Proposition. The adjacency matrix of a graph $\Gamma$ has the a consecutive-ones property if and only if
$\Gamma$ is a tree, or
every induced cycle of $\Gamma$ is a $4$-cycle.
This answer is a work in progress, as I'm stuck on on the 4-cycle case of the converse.
$\Rightarrow$:
An induced $n$-cycle has vertices $0,\ldots, n-1$ with $i$ incident to $j$ if and only if $j=i\pm 1$, taking the indices modulo $n$. So in the adjacency matrix, we've got $A_{i,i+1}=A_{i,i-1}=A_{i+1,i}=A_{i-1,i}=1$ for each $i$, and all other entries $0$.
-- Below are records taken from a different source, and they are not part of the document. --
lemma gauss_integral_landen:
  fixes p q :: real
  assumes "0 < p" "0 < q"
  shows "gauss_integral ((p + q) / 2) (sqrt (p * q)) (2 * pi) = gauss_integral p q (2 * pi)"
proof -
  define p' where "p' = (p + q) / 2"
  define q' where "q' = sqrt (p * q)"
  have pq': "0 < p'" "0 < q'" unfolding p'_def q'_def using assms by simp_all
  have "((\<lambda>t. gauss_integral p' q' (landen_angle p q t)) has_real_derivative
          2 / gauss_denom p q t) (at t)" for t
  proof -
    define P where "P = (p + q) * (p * (cos t)\<^sup>2 + q * (sin t)\<^sup>2)"
    define F where "F = gauss_denom p q t"
    have "0 < P" "0 < F"
      unfolding P_def F_def using assms cos_sin_combination_pos[OF assms] gauss_denom_pos[OF assms]
      by simp_all
    then have "1 / (P / (2 * F)) * (P / F\<^sup>2) = 2 / F"
      by (simp add: field_simps power2_eq_square)
    with DERIV_chain2[OF has_real_derivative_gauss_integral[OF pq'] landen_angle_deriv[OF assms, of t]]
    show ?thesis
      unfolding p'_def q'_def gauss_denom_landen_angle[OF assms] P_def[symmetric] F_def[symmetric]
      by simp
  qed
  moreover have "((\<lambda>t. 2 * gauss_integral p q t) has_real_derivative 2 / gauss_denom p q t) (at t)" for t
    using DERIV_cmult[OF has_real_derivative_gauss_integral[OF assms], of 2] by simp
  ultimately have "gauss_integral p' q' (landen_angle p q (2 * pi)) - 2 * gauss_integral p q (2 * pi)
      = gauss_integral p' q' (landen_angle p q 0) - 2 * gauss_integral p q 0"
    by (rule DERIV_eq_imp_diff_eq)
  moreover have "landen_angle p q (2 * pi) = 4 * pi" "landen_angle p q 0 = 0"
    unfolding landen_angle_def by simp_all
  ultimately show ?thesis
    using gauss_integral_multiple_pi[OF pq', of 4] gauss_integral_multiple_pi[OF pq', of 2]
      gauss_integral_multiple_pi[OF assms, of 2] gauss_integral_zero[OF assms]
      gauss_integral_zero[OF pq']
    unfolding p'_def q'_def by simp
qed

lemma gauss_integral_2pi_bounds:
  assumes "0 < p" "0 < q"
  shows "2 * pi / max p q \<le> gauss_integral p q (2 * pi)"
    and "gauss_integral p q (2 * pi) \<le> 2 * pi / min p q"
proof -
  have "primitive (\<lambda>_. 1 / max p q) (2 * pi) \<le> gauss_integral p q (2 * pi)"
    unfolding gauss_integral_def using assms gauss_denom_bounds(2)[OF assms] gauss_denom_pos[OF assms]
    by (intro primitive_mono continuous_on_inverse_gauss_denom) (auto intro!: frac_le)
  then show "2 * pi / max p q \<le> gauss_integral p q (2 * pi)"
    by (simp add: primitive_const)
  have "gauss_integral p q (2 * pi) \<le> primitive (\<lambda>_. 1 / min p q) (2 * pi)"
    unfolding gauss_integral_def using assms gauss_denom_bounds(1)[OF assms]
    by (intro primitive_mono continuous_on_inverse_gauss_denom) (auto intro!: frac_le)
  then show "gauss_integral p q (2 * pi) \<le> 2 * pi / min p q"
    by (simp add: primitive_const)
qed
definition primal_flux ::
    "(nat \<Rightarrow> real) \<Rightarrow> nat \<Rightarrow> (real \<Rightarrow> real) \<Rightarrow> (nat \<Rightarrow> real \<Rightarrow> real) \<Rightarrow> real" where
  "primal_flux xb N w P = (\<Sum>i<N. w (xb (Suc i)) * P i (xb (Suc i)) - w (xb i) * P i (xb i))"

definition dual_flux ::
    "(nat \<Rightarrow> real) \<Rightarrow> nat \<Rightarrow> (real \<Rightarrow> real) \<Rightarrow> (nat \<Rightarrow> real \<Rightarrow> real) \<Rightarrow> real" where
  "dual_flux xb N v Q = (\<Sum>j<N. v (per xb N (dn xb N (Suc j))) * Q j (dn xb N (Suc j))
                                - v (per xb N (dn xb N j)) * Q j (dn xb N j))"

lemma pw_primal_dual_integrable:
  assumes ms: "mesh xb N" and "\<And>i. continuous_on UNIV (P i)" "\<And>j. continuous_on UNIV (Q j)"
  shows "(\<lambda>x. pw_primal xb N P x * pw_dual xb N Q x) integrable_on {xb 0..xb N}"
    "(\<lambda>x. pw_dual xb N Q x * pw_primal xb N P x) integrable_on {xb 0..xb N}"
  using staggered_integrable[OF ms, of "\<lambda>i d z x. P i x * Q d z"]
    staggered_integrable[OF ms, of "\<lambda>i d z x. Q d z * P i x"] assms(2,3)
  by (simp_all add: pw_primal_def pw_dual_def continuous_on_mult continuous_on_shift)

lemma pw_dual_at_node_Suc:
  assumes ms: "mesh xb N" and "i < N"
  shows "pw_dual xb N Q (xb (Suc i)) = Q i (xb (Suc i))"
proof -
  have "Suc i < N \<Longrightarrow> xb (Suc i) < cc xb (Suc i)" using mesh_centre_bounds[OF ms] by auto
  moreover have "cc xb i \<le> xb (Suc i)" using mesh_centre_bounds[OF assms] by simp
  ultimately show ?thesis using didx_eq[OF assms] by (simp add: pw_dual_def)
qed

lemma pw_dual_at_node:
  assumes ms: "mesh xb N" and "i < N"
  shows "pw_dual xb N Q (xb i) = Q (rdual N (2 * i)) (xb i + rshift xb N (2 * i))"
proof (cases i)
  case 0
  then show ?thesis using mesh_centre_bounds[OF assms] didx_below_centre[of "xb 0" xb N]
    by (simp add: pw_dual_def)
next
  case (Suc j)
  then show ?thesis using pw_dual_at_node_Suc[OF ms, of j] assms(2) by simp
qed

lemma pw_primal_at_centre:
  assumes ms: "mesh xb N" and "j < N"
  shows "pw_primal xb N P (per xb N (cc xb j)) = P j (cc xb j)"
proof -
  have "cc xb j < xb (Suc j)" "xb (Suc j) \<le> xb N"
    using mesh_centre_bounds[OF assms] mesh_node_le[OF ms] assms(2) by auto
  moreover have "pidx xb N (cc xb j) = j"
    using pidx_eq[OF assms] mesh_centre_bounds[OF assms] by simp
  ultimately show ?thesis by (simp add: pw_primal_def per_def)
qed

lemma pw_primal_at_shifted_centre:
  assumes ms: "mesh xb N"
  shows "pw_primal xb N P (per xb N (cc xb 0 + (xb N - xb 0))) = P 0 (cc xb 0)"
proof -
  have "0 < N" using ms by (simp add: mesh_def)
  then show ?thesis
    using pw_primal_at_centre[OF ms \<open>0 < N\<close>] mesh_centre_bounds[OF ms \<open>0 < N\<close>]
      mesh_node_le[OF ms, of 1 N]
    by (simp add: per_def)
qed

lemma sum_even_odd: "(\<Sum>m<2 * N. f m) = (\<Sum>i<N. f (2 * i) + f (Suc (2 * i)))"
  by (induction N) (simp_all add: sum.distrib ac_simps)

lemma sum_rotate:
  assumes "1 \<le> N"
  shows "(\<Sum>j<N. if Suc j < N then D (Suc j) else D 0) = (\<Sum>i<N. D i)"
proof -
  obtain n where N: "N = Suc n" using assms by (cases N) auto
  have "(\<Sum>j<Suc n. if Suc j < Suc n then D (Suc j) else D 0) = (\<Sum>j<n. D (Suc j)) + D 0"
    by (simp add: sum.lessThan_Suc)
  also have "\<dots> = (\<Sum>i<Suc n. D i)" by (subst sum.lessThan_Suc_shift) (simp add: add.commute)
  finally show ?thesis using N by simp
qed

lemma refined_ftc:
  assumes ms: "mesh xb N"
    and dP: "\<And>i x. (P i has_real_derivative P' i x) (at x)"
    and dQ: "\<And>j x. (Q j has_real_derivative Q' j x) (at x)"
  defines "G \<equiv> \<lambda>m x. Q (rdual N m) (x + rshift xb N m) * P (m div 2) x"
  shows "((\<lambda>x. pw_dual xb N Q x * pw_primal xb N P' x + pw_primal xb N P x * pw_dual xb N Q' x)
           has_integral (\<Sum>m<2 * N. G m (rnode xb (Suc m)) - G m (rnode xb m))) {xb 0..xb N}"
proof -
  have "((\<lambda>x. pw_dual xb N Q x * pw_primal xb N P' x + pw_primal xb N P x * pw_dual xb N Q' x)
          has_integral (G m (rnode xb (Suc m)) - G m (rnode xb m))) {rnode xb m..rnode xb (Suc m)}"
    if m: "m < 2 * N" for m
  proof -
    let ?d = "rdual N m" and ?c = "rshift xb N m" and ?i = "m div 2"
    have dG: "(G m has_real_derivative Q' ?d (x + ?c) * P ?i x + Q ?d (x + ?c) * P' ?i x) (at x)" for x
      using DERIV_mult[OF dQ[of ?d "x + ?c", unfolded DERIV_shift] dP]
      by (simp add: G_def mult.commute)
    have "((\<lambda>x. Q' ?d (x + ?c) * P ?i x + Q ?d (x + ?c) * P' ?i x)
            has_integral (G m (rnode xb (Suc m)) - G m (rnode xb m))) {rnode xb m..rnode xb (Suc m)}"
      using rnode_less[OF ms m] dG
      by (intro fundamental_theorem_of_calculus_interior DERIV_continuous_on)
         (auto simp: has_real_derivative_iff_has_vector_derivative[symmetric] intro: has_field_derivative_at_within)
    then show ?thesis
      by (rule has_integral_spike_finite[of "{rnode xb m, rnode xb (Suc m)}", rotated 2])
         (auto simp: pw_primal_def pw_dual_def refined_cell_indices[OF ms m] algebra_simps)
  qed
  from has_integral_partition[OF rnode_mono[OF ms] this] show ?thesis by simp
qed

lemma refined_boundary_sum:
  fixes P Q :: "nat \<Rightarrow> real \<Rightarrow> real"
  assumes ms: "mesh xb N"
  defines "G \<equiv> \<lambda>m x. Q (rdual N m) (x + rshift xb N m) * P (m div 2) x"
  shows "(\<Sum>m<2 * N. G m (rnode xb (Suc m)) - G m (rnode xb m))
       = primal_flux xb N (pw_dual xb N Q) P + dual_flux xb N (pw_primal xb N P) Q"
proof -
  have N: "1 \<le> N" using ms by (simp add: mesh_def)
  have "(\<Sum>m<2 * N. G m (rnode xb (Suc m)) - G m (rnode xb m))
      = (\<Sum>i<N. G (Suc (2 * i)) (xb (Suc i)) - G (2 * i) (xb i))
        + ((\<Sum>i<N. G (2 * i) (cc xb i)) - (\<Sum>i<N. G (Suc (2 * i)) (cc xb i)))"
    by (simp only: sum_even_odd rnode_even rnode_odd rnode_even_Suc)
       (simp add: sum.distrib sum_subtractf algebra_simps)
  also have "(\<Sum>i<N. G (Suc (2 * i)) (xb (Suc i)) - G (2 * i) (xb i))
      = primal_flux xb N (pw_dual xb N Q) P"
    unfolding primal_flux_def G_def
    by (rule sum.cong) (simp_all add: pw_dual_at_node_Suc[OF ms] pw_dual_at_node[OF ms])
  also have "(\<Sum>i<N. G (2 * i) (cc xb i)) - (\<Sum>i<N. G (Suc (2 * i)) (cc xb i))
      = dual_flux xb N (pw_primal xb N P) Q"
  proof -
    define D where "D i = G (2 * i) (cc xb i)" for i
    have "pw_primal xb N P (per xb N (dn xb N (Suc j))) * Q j (dn xb N (Suc j))
        = (if Suc j < N then D (Suc j) else D 0)" if "j < N" for j
      using that pw_primal_at_centre[OF ms, of "Suc j"] pw_primal_at_shifted_centre[OF ms]
      by (cases "Suc j = N") (auto simp: D_def G_def dn_def mult.commute[of "Q _ _"])
    then have "(\<Sum>j<N. pw_primal xb N P (per xb N (dn xb N (Suc j))) * Q j (dn xb N (Suc j)))
        = (\<Sum>i<N. G (2 * i) (cc xb i))"
      using sum_rotate[OF N, of D] by (simp add: D_def)
    moreover have "(\<Sum>j<N. pw_primal xb N P (per xb N (dn xb N j)) * Q j (dn xb N j))
        = (\<Sum>i<N. G (Suc (2 * i)) (cc xb i))"
      by (rule sum.cong) (simp_all add: pw_primal_at_centre[OF ms] G_def dn_def mult.commute[of "Q _ _"])
    ultimately show ?thesis by (simp add: dual_flux_def sum_subtractf)
  qed
  finally show ?thesis .
qed

lemma pw_integration_by_parts:
  assumes ms: "mesh xb N"
    and dP: "\<And>i x. (P i has_real_derivative P' i x) (at x)"
    and dQ: "\<And>j x. (Q j has_real_derivative Q' j x) (at x)"
    and cP': "\<And>i. continuous_on UNIV (P' i)" and cQ': "\<And>j. continuous_on UNIV (Q' j)"
  shows "integral {xb 0..xb N} (\<lambda>x. pw_dual xb N Q x * pw_primal xb N P' x)
       + integral {xb 0..xb N} (\<lambda>x. pw_primal xb N P x * pw_dual xb N Q' x)
       = primal_flux xb N (pw_dual xb N Q) P + dual_flux xb N (pw_primal xb N P) Q"
proof -
  have cP: "continuous_on UNIV (P i)" and cQ: "continuous_on UNIV (Q j)" for i j
    using dP dQ by (blast intro: DERIV_continuous_on has_field_derivative_at_within)+
  show ?thesis
    using integral_add[OF pw_primal_dual_integrable(2)[OF ms cP' cQ] pw_primal_dual_integrable(1)[OF ms cP cQ']]
      integral_unique[OF refined_ftc[OF ms dP dQ]] refined_boundary_sum[OF ms]
    by simp
qed

lemma Vh1_eq_pw_primal: "Vh1 xb N p = pw_primal xb N (\<lambda>i. poly (p i))"
  by (simp add: fun_eq_iff Vh1_def pw_primal_def)

lemma Wh1_eq_pw_dual: "Wh1 xb N q = pw_dual xb N (\<lambda>j. poly (q j))"
  by (simp add: fun_eq_iff Wh1_def pw_dual_def)

lemma Vh1_Wh1_integrable:
  assumes "mesh xb N"
  shows "(\<lambda>x. Vh1 xb N p x * Wh1 xb N q x) integrable_on {xb 0..xb N}"
    "(\<lambda>x. Wh1 xb N q x * Vh1 xb N p x) integrable_on {xb 0..xb N}"
  unfolding Vh1_eq_pw_primal Wh1_eq_pw_dual
  by (intro pw_primal_dual_integrable[OF assms] continuous_intros)+

lemma H1_integration_by_parts:
  assumes "mesh xb N"
  shows "integral {xb 0..xb N} (\<lambda>x. Wh1 xb N q x * Vh1 xb N (\<lambda>i. pderiv (r i)) x)
       + integral {xb 0..xb N} (\<lambda>x. Vh1 xb N r x * Wh1 xb N (\<lambda>j. pderiv (q j)) x)
       = primal_flux xb N (Wh1 xb N q) (\<lambda>i. poly (r i))
       + dual_flux xb N (Vh1 xb N r) (\<lambda>j. poly (q j))"
  unfolding Vh1_eq_pw_primal Wh1_eq_pw_dual
  by (rule pw_integration_by_parts[OF assms]) (auto intro: poly_DERIV continuous_intros)

lemma H1_decompose:
  assumes ms: "mesh xb N"
  shows "H1 \<beta> \<tau> xb N (p, q) (r, s) =
     - (1 / \<tau>) * integral {xb 0..xb N} (\<lambda>x. (Vh1 xb N p x - Wh1 xb N q x) * (Vh1 xb N r x - Wh1 xb N s x))
     + \<beta> * (integral {xb 0..xb N} (\<lambda>x. Wh1 xb N q x * Vh1 xb N (\<lambda>i. pderiv (r i)) x)
             - primal_flux xb N (Wh1 xb N q) (\<lambda>i. poly (r i)))
     + \<beta> * (integral {xb 0..xb N} (\<lambda>x. Vh1 xb N p x * Wh1 xb N (\<lambda>j. pderiv (s j)) x)
             - dual_flux xb N (Vh1 xb N p) (\<lambda>j. poly (s j)))"
proof -
  have "integral {xb 0..xb N} (\<lambda>x. \<beta> * Wh1 xb N q x * Vh1 xb N (\<lambda>i. pderiv (r i)) x
                                 + \<beta> * Vh1 xb N p x * Wh1 xb N (\<lambda>j. pderiv (s j)) x)
      = \<beta> * integral {xb 0..xb N} (\<lambda>x. Wh1 xb N q x * Vh1 xb N (\<lambda>i. pderiv (r i)) x)
      + \<beta> * integral {xb 0..xb N} (\<lambda>x. Vh1 xb N p x * Wh1 xb N (\<lambda>j. pderiv (s j)) x)"
    using integral_add[OF integrable_on_cmult_left[OF Vh1_Wh1_integrable(2)[OF ms]]
                          integrable_on_cmult_left[OF Vh1_Wh1_integrable(1)[OF ms]], of \<beta> _ _ \<beta>]
    by (simp add: mult.assoc)
  moreover have "(\<Sum>i<N. \<beta> * Wh1 xb N q (xb (Suc i)) * poly (r i) (xb (Suc i))
                   - \<beta> * Wh1 xb N q (xb i) * poly (r i) (xb i)
                   + \<beta> * Vh1 xb N p (per xb N (dn xb N (Suc i))) * poly (s i) (dn xb N (Suc i))
                   - \<beta> * Vh1 xb N p (per xb N (dn xb N i)) * poly (s i) (dn xb N i))
      = \<beta> * primal_flux xb N (Wh1 xb N q) (\<lambda>i. poly (r i))
      + \<beta> * dual_flux xb N (Vh1 xb N p) (\<lambda>j. poly (s j))"
    by (simp add: primal_flux_def dual_flux_def sum_distrib_left sum.distrib[symmetric] algebra_simps)
  ultimately show ?thesis by (simp add: H1_def algebra_simps)
qed
(* Let $M$ be a right $R$-module which is an internal direct sum $M=\bigoplus_{n\in\mathbb{N}}M_n$ of countably many nonzero submodules $M_n$, and let $S=\mathrm{End}(M_R)$, so that $M$ is a left $S$-module. Then ${}_SM$ is not an $\aleph_0$-injective left $S$-module.
   Context: A left $S$-module $N$ is $\aleph_0$-injective if for every countably generated left ideal $J$ of $S$ and every $S$-homomorphism $f:J\to N$ there is an $S$-homomorphism $\bar f:S\to N$ with $\bar f|_J=f$. *)

theory Defs
  imports Main "HOL-Library.Countable_Set"
begin

definition right_module :: "('m::ab_group_add \<Rightarrow> 'r::ring_1 \<Rightarrow> 'm) \<Rightarrow> bool" where
  "right_module smul \<longleftrightarrow>
     (\<forall>x y r. smul (x + y) r = smul x r + smul y r) \<and>
     (\<forall>x r s. smul x (r + s) = smul x r + smul x s) \<and>
     (\<forall>x r s. smul x (r * s) = smul (smul x r) s) \<and>
     (\<forall>x. smul x 1 = x)"

definition submodule :: "('m::ab_group_add \<Rightarrow> 'r::ring_1 \<Rightarrow> 'm) \<Rightarrow> 'm set \<Rightarrow> bool" where
  "submodule smul N \<longleftrightarrow> 0 \<in> N \<and> (\<forall>x\<in>N. \<forall>y\<in>N. x + y \<in> N) \<and> (\<forall>x\<in>N. - x \<in> N)
     \<and> (\<forall>x\<in>N. \<forall>r. smul x r \<in> N)"

text \<open>M (= the whole type 'm) is the internal direct sum of the submodules Mn n:
every element is uniquely a finite sum of elements of the Mn n.\<close>
definition internal_direct_sum :: "('m::ab_group_add \<Rightarrow> 'r::ring_1 \<Rightarrow> 'm) \<Rightarrow> (nat \<Rightarrow> 'm set) \<Rightarrow> bool" where
  "internal_direct_sum smul Mn \<longleftrightarrow>
     (\<forall>n. submodule smul (Mn n)) \<and>
     (\<forall>x. \<exists>!c. finite {n. c n \<noteq> 0} \<and> (\<forall>n. c n \<in> Mn n) \<and> x = sum c {n. c n \<noteq> 0})"
lemma torus_solution_of_ratio:
  fixes c :: "nat \<Rightarrow> 'a::field"
  assumes c2: "c 2 \<noteq> 0" and c3: "c 3 \<noteq> 0"
    and t: "t \<noteq> 0" "2*t + 1 \<noteq> 0" "t + 2 \<noteq> 0"
    and f: "c 2 * c 5 * c 7 * t^2 * (t + 2) = c 3 * c 4 * c 6 * (2*t + 1)"
    and g: "c 1 * c 5 * c 7 * (2*t + 1) * (t + 2)^2 = - (c 2 * c 3^2 * (t + 1))"
  shows "torus_solution c (-t) (-1) ((2*t + 1) / c 2) ((t + 2) / c 3)"
proof -
  have r1: "c 5 * c 7 * (-t)^2 * ((t + 2) / c 3) = c 4 * c 6 * (-1)^2 * ((2*t + 1) / c 2)"
    using f c2 c3 by (simp add: field_simps)
  have "c 1 * c 5 * c 7 * ((2*t + 1) / c 2) * ((t + 2) / c 3)^2
      = c 1 * c 5 * c 7 * (2*t + 1) * (t + 2)^2 / (c 2 * c 3^2)"
    by (simp add: power_divide)
  also have "\<dots> = (-t + -1) * (-1)^2"
    unfolding g using c2 c3 by simp
  finally show ?thesis
    using r1 c2 c3 t by (simp add: torus_solution_def)
qed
Suppose that $\sigma$ is the permutation of $\{1,\ldots,n\}$ giving rise to a consecutive ones arrangement of $A$. In order to have both $1$'s in a row next to other $1$'s in that column, we need that $\sigma(i)=\sigma(i+2)\mp 1=\sigma(i-2)\pm 1$. However, unless $n=4$, we cannot make such a bijection without leaving some column with $n-2$ zeroes separating a pair of $1$'s. However, if $n=4$, $A^\sigma=\left(\begin{array}{cccc}1&0&1&0\\1&0&1&0\\0&1&0&1\\0&1&0&1\end{array}\right)$ is an admissible consecutive ones arrangement.